I never thought of myself as a political leader. Growing up, while I was certainly interested in political processes and how legislation was passed, I never considered the role I could play in such a system. Perhaps this was because there were few political leaders who looked like me, who shared my identity as an Indian-American first generation female immigrant. Perhaps this was because I couldn’t fully grasp how political advocacy affected my life in meaningful ways. My experience as a teacher changed that thinking.
In the classroom, I was confronted by the very personal ways in which political processes influenced my students and me. I was especially alarmed by how major policy decisions that impacted teachers, including evaluations and pay, are crafted without deliberate input from teachers themselves. This and other realities propelled me to attend policy school to gain a better understanding of strategies that could support and enhance good teaching. In my current role as a policy analyst in North Carolina, I research and write policy reports that address some of the issues affecting teachers in the state. My work job has also illustrated two fundamental tensions between policy and advocacy: First, good policy has to be ultimately balanced with what is politically feasible. Second, and more importantly, good policy will not go very far if it isn’t advanced by political leaders.
It was this realization that compelled me to apply for LEE’s Asian American and Pacific Islander Political Leadership Program. I wanted to learn about bridging the divide between politics and policy while also gaining practical skills around fundraising and developing a message.
I learned all this and so much more during the October workshop held in Oakland. Stephanie Chang, a newly elected state representative in Michigan, and other excellent facilitators provided intensive training around developing our stories. We also learned about each other’s life trajectories and motivations for running for office. I found this particularly important because the Asian American and Pacific Islander experience has been historically erased or overlooked when discussing race, ethnicity and identity in America. We are only considered people of color when it is politically expedient or convenient.

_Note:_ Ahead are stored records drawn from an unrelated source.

(* For $n\ge 1$, let $\operatorname{NE}_n(k)$ denote the number of permutations $\sigma\in\mathfrak{S}_n$ with nesting number $\operatorname{Ne}(\sigma)=k$. Then \[\operatorname{NE}_n(\lceil n/2\rceil)=\begin{cases} m! & \text{if } n=2m+1,\\ 2(m+1)!-(m-1)!-1 & \text{if } n=2m.\end{cases}\]
   Context: For $\sigma\in\mathfrak{S}_n$, the arcs of $\sigma$ are the pairs $(a,\sigma(a))$, $1\le a\le n$. A $k$-nesting of $\sigma$ is a set of $k$ arcs $\{(a_i,\sigma(a_i)):1\le i\le k\}$ satisfying either $a_1<a_2<\dots<a_k\le\sigma(a_k)<\dots<\sigma(a_2)<\sigma(a_1)$ (upper $k$-nesting; loops $a=\sigma(a)$ are allowed) or $\sigma(a_1)<\sigma(a_2)<\dots<\sigma(a_k)<a_k<\dots<a_2<a_1$ (lower $k$-nesting). The nesting number $\operatorname{Ne}(\sigma)$ is the largest $k$ such that $\sigma$ has a $k$-nesting. *)

theory Defs
  imports "HOL-Combinatorics.Permutations"
begin

definition upper_nesting :: "nat \<Rightarrow> (nat \<Rightarrow> nat) \<Rightarrow> nat \<Rightarrow> (nat \<Rightarrow> nat) \<Rightarrow> bool" where
  "upper_nesting n \<sigma> k a \<longleftrightarrow> k \<ge> 1 \<and> (\<forall>i<k. a i \<in> {1..n}) \<and>
     (\<forall>i. Suc i < k \<longrightarrow> a i < a (Suc i) \<and> \<sigma> (a (Suc i)) < \<sigma> (a i)) \<and>
     a (k - 1) \<le> \<sigma> (a (k - 1))"

definition lower_nesting :: "nat \<Rightarrow> (nat \<Rightarrow> nat) \<Rightarrow> nat \<Rightarrow> (nat \<Rightarrow> nat) \<Rightarrow> bool" where
  "lower_nesting n \<sigma> k a \<longleftrightarrow> k \<ge> 1 \<and> (\<forall>i<k. a i \<in> {1..n}) \<and>
     (\<forall>i. Suc i < k \<longrightarrow> \<sigma> (a i) < \<sigma> (a (Suc i)) \<and> a (Suc i) < a i) \<and>
     \<sigma> (a (k - 1)) < a (k - 1)"

definition has_nesting :: "nat \<Rightarrow> (nat \<Rightarrow> nat) \<Rightarrow> nat \<Rightarrow> bool" where
  "has_nesting n \<sigma> k \<longleftrightarrow> (\<exists>a. upper_nesting n \<sigma> k a \<or> lower_nesting n \<sigma> k a)"

definition nesting_number :: "nat \<Rightarrow> (nat \<Rightarrow> nat) \<Rightarrow> nat" where
  "nesting_number n \<sigma> = Max {k. has_nesting n \<sigma> k}"

definition NE :: "nat \<Rightarrow> nat \<Rightarrow> nat" where
  "NE n k = card {\<sigma>. \<sigma> permutes {1..n} \<and> nesting_number n \<sigma> = k}"

end

theory Submission
  imports Defs
begin

text \<open>An upper \<open>k\<close>-nesting uses at least \<open>2k - 1\<close> distinct endpoints (its innermost arc may be
  a loop) and a lower one at least \<open>2k\<close>; hence \<open>Ne(\<sigma>) \<le> \<lceil>n/2\<rceil>\<close>. For \<open>n = 2m + 1\<close> a
  maximal nesting is forced to be \<open>j \<mapsto> n + 1 - j\<close> on \<open>{1..m+1}\<close>, which leaves \<open>m!\<close>
  permutations. For \<open>n = 2m\<close> a maximal nesting is either that upper reversal on \<open>{1..m}\<close>, or
  the lower reversal, or an upper nesting ending in a loop whose \<open>2m - 1\<close> endpoints are all of
  \<open>{1..2m}\<close> except one point \<open>x\<close>. Each of these \<open>2m + 2\<close> families has \<open>m!\<close> members; they
  are pairwise disjoint except that the two reversals share one permutation and the families for
  \<open>x = m\<close> and \<open>x = m + 1\<close> share \<open>(m - 1)!\<close>, giving \<open>(2m + 2) m! - (m - 1)! - 1\<close>.\<close>

subsection \<open>Permutations with prescribed values\<close>

lemma permutes_extending_exists:
  assumes fin: "finite S" and AS: "A \<subseteq> S" and inj: "inj_on f A" and fA: "f ` A \<subseteq> S"
  obtains s where "s permutes S" and "\<forall>i\<in>A. s i = f i"
proof -
  have finA: "finite A" using fin AS finite_subset by blast
  have "card (S - A) = card (S - f ` A)"
    using AS fA finA inj by (simp add: card_Diff_subset card_image)
  then obtain g where g: "bij_betw g (S - A) (S - f ` A)"
    using finite_same_card_bij fin by blast
  define s where "s i = (if i \<in> A then f i else if i \<in> S then g i else i)" for i
  have "bij_betw s A (f ` A)"
    using inj unfolding s_def by (simp add: bij_betw_def inj_on_def image_def)
  moreover have "bij_betw s (S - A) (S - f ` A)"
    using g by (rule bij_betw_cong[THEN iffD1, rotated]) (simp add: s_def)
  ultimately have "bij_betw s (A \<union> (S - A)) (f ` A \<union> (S - f ` A))"
    by (rule bij_betw_combine) auto
  moreover have "A \<union> (S - A) = S" "f ` A \<union> (S - f ` A) = S" using AS fA by auto
  ultimately have "bij_betw s S S" by simp
  then have "s permutes S"
    by (rule bij_imp_permutes) (use AS in \<open>auto simp: s_def\<close>)
  then show ?thesis using that by (simp add: s_def)
qed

My participation in the workshop also renewed my commitment to my local community. In addition to attending school board meetings, I began volunteering for a local state senate candidate. Perhaps what I gained most from the workshop was a deeper confidence in my ability. I left Oakland with the belief that when I run for public office, I will be able to lean on my various networks for support. This sense of empowerment will continue to fuel my passion for educational equity.